## Preprocessing the Dataset

In [40]:
import os
import pandas as pd

In [50]:
def update_csv_file(file_path, states_lt):
    
    for state, path in zip(states_lt, file_path):
        df = pd.read_csv(path)

        # add the state column 
        df.insert(loc=0, column='State', value=state)

        # save the csv
        df.to_csv(path, index=False)

In [51]:


# read the file in the folder
path = os.listdir('./redbus_details/')
file_path = [ os.path.join("./redbus_details/", file) for file in path]

list_of_states = ["Andhra Pradesh", "Assam", "Himachal Pradesh", "Goa", "Kerala", "Rajasthan",
                                           "South Bengal",  "Telangana", "Uttar Pradesh", "West Bengal"]
# update the state column
update_csv_file(file_path, list_of_states)


## Preprocessing and merge the all data into single file

In [52]:

df = [ pd.read_csv(file) for file in file_path]

# concatenate the all dataframe 
df_comb = pd.concat(df, ignore_index=True)

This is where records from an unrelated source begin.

(* Let $\mathbb{K}$ be a field of characteristic zero, $\delta\in\mathbb{K}$, and $\lambda$ a bipartition. (i) Suppose that for every $\mu\in\operatorname{Rem}^\bullet(\lambda)$ there exists $\nu\in\operatorname{Add}^\circ(\lambda)$ with $D_{\nu,\mu}(\delta)=1$. Then $x_\lambda(\delta)$ has no pair of adjacent vertices $j,j+1$ labelled $(\vee,\wedge)$, $(\bigcirc,\wedge)$, or $(\vee,\times)$. (ii) Suppose that for every $\mu\in\operatorname{Rem}^\circ(\lambda)$ there exists $\nu\in\operatorname{Add}^\bullet(\lambda)$ with $D_{\nu,\mu}(\delta)=1$. Then $x_\lambda(\delta)$ has no pair of adjacent vertices $j,j+1$ labelled $(\vee,\wedge)$, $(\vee,\bigcirc)$, or $(\times,\wedge)$.
   Context: A partition is a weakly decreasing sequence $\alpha=(\alpha_1,\alpha_2,\dots)$ of nonnegative integers, almost all zero. A bipartition is a pair $\lambda=(\lambda^\bullet,\lambda^\circ)$ of partitions. $\operatorname{Add}^\bullet(\lambda)$ (resp. $\operatorname{Add}^\circ(\lambda)$) is the set of bipartitions obtained from $\lambda$ by adding a box to $\lambda^\bullet$ (resp. $\lambda^\circ$). $\operatorname{Rem}^\bullet(\lambda)$ and $\operatorname{Rem}^\circ(\lambda)$ are defined likewise by removing a box. Set $I_\wedge(\lambda)=\{\lambda^\bullet_i-(i-1):i\ge1\}$ and $I_\vee(\lambda,\delta)=\{i-\delta-\lambda^\circ_i:i\ge1\}$. The weight diagram $x_\lambda(\delta)$ labels each integer $j$ by: - $\bigcirc$ if $j$ is in neither set; - $\wedge$ if $j$ is only in $I_\wedge(\lambda)$; - $\vee$ if $j$ is only in $I_\vee(\lambda,\delta)$; - $\times$ if $j$ is in both. The cap diagram $c_\lambda(\delta)$ is built from $x_\lambda(\delta)$ iteratively. At each step, draw a cap connecting $i<j$ whenever $i$ is labelled $\vee$, $j$ is labelled $\wedge$, and every integer strictly between them is labelled $\bigcirc$ or $\times$ or already lies on an earlier cap. Repeat until no more caps can be drawn. Vertices joined by a cap are connected. $x_\mu(\delta)$ is linked to $x_\lambda(\delta)$ if it is obtained from $x_\lambda(\delta)$ by interchanging labels on finitely many pairs of connected vertices. $D_{\lambda,\mu}(\delta)=1$ if $x_\mu(\delta)$ is linked to $x_\lambda(\delta)$, and $0$ otherwise. *)

theory Defs
  imports Main
begin

text \<open>Partitions are represented 0-indexed: a function p :: nat => nat with
  alpha_i = p (i - 1) for i >= 1, weakly decreasing and almost all zero.\<close>

type_synonym partition = "nat \<Rightarrow> nat"
type_synonym bipartition = "partition \<times> partition"

definition is_partition :: "partition \<Rightarrow> bool" where
  "is_partition p \<longleftrightarrow> (\<forall>i j. i \<le> j \<longrightarrow> p j \<le> p i) \<and> finite {i. p i \<noteq> 0}"

definition is_bipartition :: "bipartition \<Rightarrow> bool" where
  "is_bipartition lam \<longleftrightarrow> is_partition (fst lam) \<and> is_partition (snd lam)"

definition add_box :: "partition \<Rightarrow> partition set" where
  "add_box p = {q. is_partition q \<and> (\<exists>k. q = p(k := p k + 1))}"

definition rem_box :: "partition \<Rightarrow> partition set" where
  "rem_box p = {q. is_partition q \<and> (\<exists>k. 0 < p k \<and> q = p(k := p k - 1))}"

definition Add_bullet :: "bipartition \<Rightarrow> bipartition set" where
  "Add_bullet lam = {(a, snd lam) | a. a \<in> add_box (fst lam)}"

definition Add_circ :: "bipartition \<Rightarrow> bipartition set" where
  "Add_circ lam = {(fst lam, b) | b. b \<in> add_box (snd lam)}"

definition Rem_bullet :: "bipartition \<Rightarrow> bipartition set" where
  "Rem_bullet lam = {(a, snd lam) | a. a \<in> rem_box (fst lam)}"

definition Rem_circ :: "bipartition \<Rightarrow> bipartition set" where
  "Rem_circ lam = {(fst lam, b) | b. b \<in> rem_box (snd lam)}"

text \<open>I_wedge(lambda) = { lambda^bullet_i - (i-1) : i >= 1 } (a set of integers);
  with i = k + 1 this is { p k - k }.\<close>
definition I_wedge :: "bipartition \<Rightarrow> int set" where
  "I_wedge lam = {int (fst lam k) - int k | k. True}"

definition I_vee :: "bipartition \<Rightarrow> 'k::field_char_0 \<Rightarrow> 'k set" where
  "I_vee lam \<delta> = {of_nat (Suc k) - \<delta> - of_nat (snd lam k) | k. True}"

datatype label = Circ | Wedge | Vee | Cross

definition weight_diagram :: "bipartition \<Rightarrow> 'k::field_char_0 \<Rightarrow> int \<Rightarrow> label" where
  "weight_diagram lam \<delta> j =
     (if j \<in> I_wedge lam then (if of_int j \<in> I_vee lam \<delta> then Cross else Wedge)
      else (if of_int j \<in> I_vee lam \<delta> then Vee else Circ))"

definition on_caps :: "(int \<times> int) set \<Rightarrow> int set" where
  "on_caps C = fst ` C \<union> snd ` C"

fun caps_upto :: "(int \<Rightarrow> label) \<Rightarrow> nat \<Rightarrow> (int \<times> int) set" where
  "caps_upto x 0 = {}"
| "caps_upto x (Suc n) = caps_upto x n \<union>
     {(i, j). i < j \<and> x i = Vee \<and> x j = Wedge
        \<and> i \<notin> on_caps (caps_upto x n) \<and> j \<notin> on_caps (caps_upto x n)
        \<and> (\<forall>k. i < k \<and> k < j \<longrightarrow> x k \<in> {Circ, Cross} \<or> k \<in> on_caps (caps_upto x n))}"

definition caps :: "(int \<Rightarrow> label) \<Rightarrow> (int \<times> int) set" where
  "caps x = (\<Union>n. caps_upto x n)"

definition linked :: "(int \<Rightarrow> label) \<Rightarrow> (int \<Rightarrow> label) \<Rightarrow> bool" where
  "linked x y \<longleftrightarrow> (\<exists>S. finite S \<and> S \<subseteq> caps x
      \<and> (\<forall>(i, j) \<in> S. y i = x j \<and> y j = x i)
      \<and> (\<forall>k. k \<notin> on_caps S \<longrightarrow> y k = x k))"

definition D :: "bipartition \<Rightarrow> bipartition \<Rightarrow> 'k::field_char_0 \<Rightarrow> nat" where
  "D lam mu \<delta> = (if linked (weight_diagram lam \<delta>) (weight_diagram mu \<delta>) then 1 else 0)"

end

theory Submission
  imports Defs
begin

text \<open>Removing a box from row k of the first (resp. second) partition moves a single
  wedge-position one step to the left (resp. a single vee-position one step to the right).
  A forbidden pair at j, j + 1 yields a removable box whose removal moves such a position
  across the pair; call the result mu. Linking only swaps the labels vee and wedge along
  caps, so every circle or cross of the diagram of mu is the same label in the diagram of
  any nu linked to it, while nu, having changed only the other partition, keeps the
  wedge-set (resp. vee-set) of lambda. But at j or j + 1 the diagram of mu shows a circle
  or cross whose wedge- (resp. vee-) membership differs from that of lambda.\<close>

lemma weight_diagram_eq_iff:
  "weight_diagram lam \<delta> j = Circ \<longleftrightarrow> j \<notin> I_wedge lam \<and> of_int j \<notin> I_vee lam \<delta>"
  "weight_diagram lam \<delta> j = Wedge \<longleftrightarrow> j \<in> I_wedge lam \<and> of_int j \<notin> I_vee lam \<delta>"
  "weight_diagram lam \<delta> j = Vee \<longleftrightarrow> j \<notin> I_wedge lam \<and> of_int j \<in> I_vee lam \<delta>"
  "weight_diagram lam \<delta> j = Cross \<longleftrightarrow> j \<in> I_wedge lam \<and> of_int j \<in> I_vee lam \<delta>"
  by (simp_all add: weight_diagram_def)

lemma caps_labels: "(i, j) \<in> caps x \<Longrightarrow> x i = Vee \<and> x j = Wedge"
proof -
  have "(i, j) \<in> caps_upto x n \<Longrightarrow> x i = Vee \<and> x j = Wedge" for n
    by (induction n) auto
  then show "(i, j) \<in> caps x \<Longrightarrow> x i = Vee \<and> x j = Wedge"
    unfolding caps_def by blast
qed

lemma linked_fixes_Circ_Cross:
  assumes "linked x y" and "y k \<in> {Circ, Cross}"
  shows "x k = y k"
proof -
  obtain S where S: "S \<subseteq> caps x" "\<forall>(i, j) \<in> S. y i = x j \<and> y j = x i"
    "\<forall>k. k \<notin> on_caps S \<longrightarrow> y k = x k"
    using assms(1) unfolding linked_def by blast
  show ?thesis
  proof (cases "k \<in> on_caps S")
    case True
    then obtain i j where ij: "(i, j) \<in> S" "k = i \<or> k = j"
      unfolding on_caps_def by force
    with S(1) have "x i = Vee \<and> x j = Wedge"
      using caps_labels by blast
    with ij S(2) assms(2) show ?thesis by auto
  qed (use S in simp)
qed

lemma linked_weight_diagram_memberships:
  assumes "linked (weight_diagram nu \<delta>) (weight_diagram mu \<delta>)"
    and "t \<in> I_wedge mu \<longleftrightarrow> of_int t \<in> I_vee mu \<delta>"
  shows "(t \<in> I_wedge nu \<longleftrightarrow> t \<in> I_wedge mu) \<and> (of_int t \<in> I_vee nu \<delta> \<longleftrightarrow> of_int t \<in> I_vee mu \<delta>)"
proof -
  have label: "weight_diagram mu \<delta> t \<in> {Circ, Cross}"
    using assms(2) by (auto simp: weight_diagram_eq_iff)
  then have "weight_diagram nu \<delta> t = weight_diagram mu \<delta> t"
    using linked_fixes_Circ_Cross[OF assms(1)] by blast
  with label consider
      "weight_diagram mu \<delta> t = Circ" "weight_diagram nu \<delta> t = Circ"
    | "weight_diagram mu \<delta> t = Cross" "weight_diagram nu \<delta> t = Cross"
    by auto
  then show ?thesis
    by cases (auto simp: weight_diagram_eq_iff)
qed

lemma partition_antimono: "is_partition p \<Longrightarrow> i \<le> j \<Longrightarrow> p j \<le> p i"
  unfolding is_partition_def by blast

lemma inj_partition_diagonal:
  assumes "is_partition p"
  shows "inj (\<lambda>i. int (p i) - int i)"
proof (rule injI, rule ccontr)
  fix i k assume eq: "int (p i) - int i = int (p k) - int k" and "i \<noteq> k"
  then consider "i < k" | "k < i" by linarith
  then show False
    by cases (use eq partition_antimono[OF assms, of i k]
                partition_antimono[OF assms, of k i] in linarith)+
qed

lemma partition_rem_corner:
  assumes "is_partition p" and "p (Suc k) < p k"
  shows "p(k := p k - 1) \<in> rem_box p"
proof -
  have "(p(k := p k - 1)) j \<le> (p(k := p k - 1)) i" if "i \<le> j" for i j
    using that assms partition_antimono[OF assms(1), of i j]
      partition_antimono[OF assms(1), of "Suc k" j]
    by (cases "i = k"; cases "j = k") auto
  moreover have "finite {i. (p(k := p k - 1)) i \<noteq> 0}"
    using assms(1) unfolding is_partition_def
    by (rule conjE) (erule finite_subset[rotated], auto)
  ultimately show ?thesis
    using assms(2) unfolding rem_box_def is_partition_def by (auto intro: exI[of _ k])
qed

lemma I_wedge_eq_range: "I_wedge lam = range (\<lambda>i. int (fst lam i) - int i)"
  unfolding I_wedge_def by auto

lemma I_vee_eq_range: "I_vee lam \<delta> = range (\<lambda>i. of_nat (Suc i) - \<delta> - of_nat (snd lam i))"
  unfolding I_vee_def by auto

lemma range_fun_upd_inj: "inj f \<Longrightarrow> range (f(k := v)) = insert v (range f - {f k})"
  by (auto simp: fun_upd_image inj_eq)

lemma I_wedge_rem_corner:
  assumes "is_partition p" and "0 < p k"
  shows "I_wedge (p(k := p k - 1), q) = insert (int (p k) - int k - 1) (I_wedge (p, q) - {int (p k) - int k})"
proof -
  have "(\<lambda>i. int ((p(k := p k - 1)) i) - int i) = (\<lambda>i. int (p i) - int i)(k := int (p k) - int k - 1)"
    using assms(2) by (intro ext) (simp add: of_nat_diff Suc_le_eq)
  then show ?thesis
    unfolding I_wedge_eq_range fst_conv
    by (simp only: range_fun_upd_inj[OF inj_partition_diagonal[OF assms(1)]])
qed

# Remove the INR in the price column
df_comb['Price'] = df_comb['Price'].str.replace('INR', '')

# Extract the numeric value in the seat_availability column
df_comb['Seat_Availability'] = df_comb['Seat_Availability'].str.extract(r"(\d+)")

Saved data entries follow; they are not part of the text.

lemma fourier_coeffs_pair:
  assumes ij: "i < n" "j < n" "i \<noteq> j"
  shows "fourier_coeffs n f {i, j} =
    (\<Sum>x\<in>hypercube n. x i * x j * mixed_difference i j f x) / (4 * 2 ^ n)"
proof -
  define A where "A = (\<Sum>x\<in>hypercube n. x i * x j * f x)"
  have flip_ij: "flip i x i = - x i" "flip i x j = x j" "flip j x j = - x j" "flip j x i = x i" for x
    using ij by (auto simp: flip_def)
  have flip_i: "(\<Sum>x\<in>hypercube n. x i * x j * f (flip i x)) = - A"
    using sum_hypercube_flip[OF ij(1), of "\<lambda>y. y i * y j * f (flip i y)"]
    by (simp add: A_def flip_ij sum_negf)
  have flip_j: "(\<Sum>x\<in>hypercube n. x i * x j * f (flip j x)) = - A"
    using sum_hypercube_flip[OF ij(2), of "\<lambda>y. y i * y j * f (flip j y)"]
    by (simp add: A_def flip_ij sum_negf)
  have flip_ij_sum: "(\<Sum>x\<in>hypercube n. x i * x j * f (flip i (flip j x))) = A"
    using sum_hypercube_flip[OF ij(2), of "\<lambda>y. y i * y j * f (flip i y)"] flip_i
    by (simp add: flip_ij sum_negf)
  have "(\<Sum>x\<in>hypercube n. x i * x j * mixed_difference i j f x) = 4 * A"
    using flip_i flip_j flip_ij_sum
    by (simp add: A_def mixed_difference_def algebra_simps sum.distrib sum_subtractf)
  moreover have "fourier_coeffs n f {i, j} = A / 2 ^ n"
    using ij by (simp add: fourier_coeffs_eq A_def mult_ac)
  ultimately show ?thesis by simp
qed

lemma mixed_difference_add:
  "mixed_difference i j (\<lambda>x. f x + g x) x = mixed_difference i j f x + mixed_difference i j g x"
  by (simp add: mixed_difference_def)

lemma mixed_difference_sum:
  "mixed_difference i j (\<lambda>x. \<Sum>k\<in>K. f k x) x = (\<Sum>k\<in>K. mixed_difference i j (f k) x)"
  by (simp add: mixed_difference_def sum.distrib sum_subtractf)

# Add the id column to the dataset at first
df_comb.insert(loc=0, column='id', value=range(1, len(df_comb)+1))

df_comb.to_csv("redbus_routes.csv", index=False)

## Store the data into database

In [53]:
from sqlite3 import connect

conn = connect('redbus_db.db')
curr = conn.cursor()

In [61]:
import pandas as pd
df = pd.read_csv('./redbus_routes.csv')

In [62]:
# create a table
table = """
    CREATE TABLE redbus_details (
        id INT PRIMARY KEY,
        state VARCHAR(100),
        bus_name VARCHAR(255),
        route_name VARCHAR(255),
        bus_type VARCHAR(255),
        departing_time VARCHAR(150),
        duration VARCHAR(100),
        reaching_time VARCHAR(150),
        star_rating  DECIMAL(3,2),
        price DECIMAL(10,2),
        seat_availability INT,
        route_link VARCHAR(255)  
    );
"""

In [66]:
# curr.execute("DROP TABLE IF EXISTS redbus_details;")

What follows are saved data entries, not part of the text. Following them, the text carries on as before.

definition vanishes_on_null_planes :: bool where
  "vanishes_on_null_planes \<longleftrightarrow>
     (\<forall>u\<in>N_phi \<phi> g (\<xi> 1). \<forall>y. y \<in> range \<phi> \<and> g u y = 0 \<longrightarrow> F u y u y = 0)"

lemma S_formula_imp_vanishes_on_null_planes:
  assumes S: "\<And>x y v z. F x y v z = g (S_lower \<phi> g x y v) z - g (S_upper \<xi> \<eta> g x y v) z"
  shows vanishes_on_null_planes
  unfolding vanishes_on_null_planes_def
proof (intro ballI allI impI)
  fix u y assume "u \<in> N_phi \<phi> g (\<xi> 1)" and y: "y \<in> range \<phi> \<and> g u y = 0"
  then obtain x where u: "u = \<xi> 1 + x" and x: "x \<in> range \<phi>" "g x x = 1"
    unfolding N_phi_def by blast
  have "g x y = 0" "g y x = 0"
    using y u x by (simp_all add: g_sym[of y x])
  moreover have "\<phi> (\<phi> x) = - x" "\<phi> (\<phi> y) = - y"
    using x y by (simp_all add: phi_phi_eq_hor hor_range)
  ultimately show "F u y u y = 0"
    using S[of u y u y] x y
    by (simp add: u S_lower_def S_upper_def eta_tilde_def xi_tilde_def g_phi_phi)
qed

lemma vanishes_on_null_planes_sectional:
  assumes vanishes_on_null_planes and x: "x \<in> range \<phi>" and y: "y \<in> range \<phi>"
  shows "F x y x y = g x y * g x y - g x x * g y y"
proof (cases "x = 0")
  case False
  define c where "c = sqrt (g x x)"
  have c: "c > 0" "c * c = g x x"
    using range_phi_pos[OF x False] by (simp_all add: c_def)
  define e where "e = (1 / c) *\<^sub>R x"
  define k where "k = g e y"
  define y' where "y' = y - k *\<^sub>R e"
  have x_eq: "x = c *\<^sub>R e" and y_eq: "y = y' + k *\<^sub>R e"
    using c by (simp_all add: e_def y'_def)
  have e: "e \<in> range \<phi>" "g e e = 1"
    using x c subspace_range_phi by (simp_all add: e_def subspace_scale c(2)[symmetric])
  have y': "y' \<in> range \<phi>" "g e y' = 0"
    using y e subspace_range_phi by (simp_all add: y'_def k_def subspace_diff subspace_scale)
  have "\<xi> 1 + e \<in> N_phi \<phi> g (\<xi> 1)"
    using e unfolding N_phi_def by blast
  moreover have "g (\<xi> 1 + e) y' = 0"
    using y' by simp
  ultimately have "F (\<xi> 1 + e) y' (\<xi> 1 + e) y' = 0"
    using assms(1) y' unfolding vanishes_on_null_planes_def by blast
  then have "F e y' e y' = - g y' y'"
    using e y' by simp
  moreover have "g y' y' = g y y - k * k"
    using e by (simp add: y'_def k_def g_sym[of y e] algebra_simps)
  ultimately have Fe: "F e y' e y' = k * k - g y y"
    by simp
  have "F x y x y = c * c * F e y' e y'"
    unfolding x_eq y_eq by simp
  also have "\<dots> = (c * k) * (c * k) - (c * c) * g y y"
    by (simp add: Fe algebra_simps)
  also have "\<dots> = g x y * g x y - g x x * g y y"
    using e(2) by (simp add: x_eq k_def)
  finally show ?thesis .
qed simp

<sqlite3.Cursor at 0x237a0ceacc0>

In [67]:
curr.execute(table)

<sqlite3.Cursor at 0x237a0ceacc0>

In [68]:
# insert the data into the table
sql_query = """
    INSERT INTO redbus_details (
        id, state, bus_name, route_name, bus_type, departing_time,
        duration, reaching_time, star_rating, price, seat_availability, route_link
    ) VALUES 
    (:id,:state, :bus_name, :route_name, :bus_type, :departing_time,
    :duration, :reaching_time, :star_rating, :price, :seat_availability, :route_link);
"""



    
for index, row in df.iterrows():
    params = {
        'id': row['id'],
        'state' : row['State'],
        'bus_name': row['Bus_Name'],
        'route_name': row['Route_Name'],
        'bus_type': row['Bus_Type'],
        'departing_time': row['Departing_Time'],
        'duration': row['Duration'],
        'reaching_time': row['Reaching_Time'],
        'star_rating': row['Star_Rating'],
        'price': row['Price'],
        'seat_availability': row['Seat_Availability'],
        'route_link': row['Route_Link']
    }
    curr.execute(sql_query, params)
    conn.commit()
    

In [64]:
# curr.execute("delete from  redbus_details;")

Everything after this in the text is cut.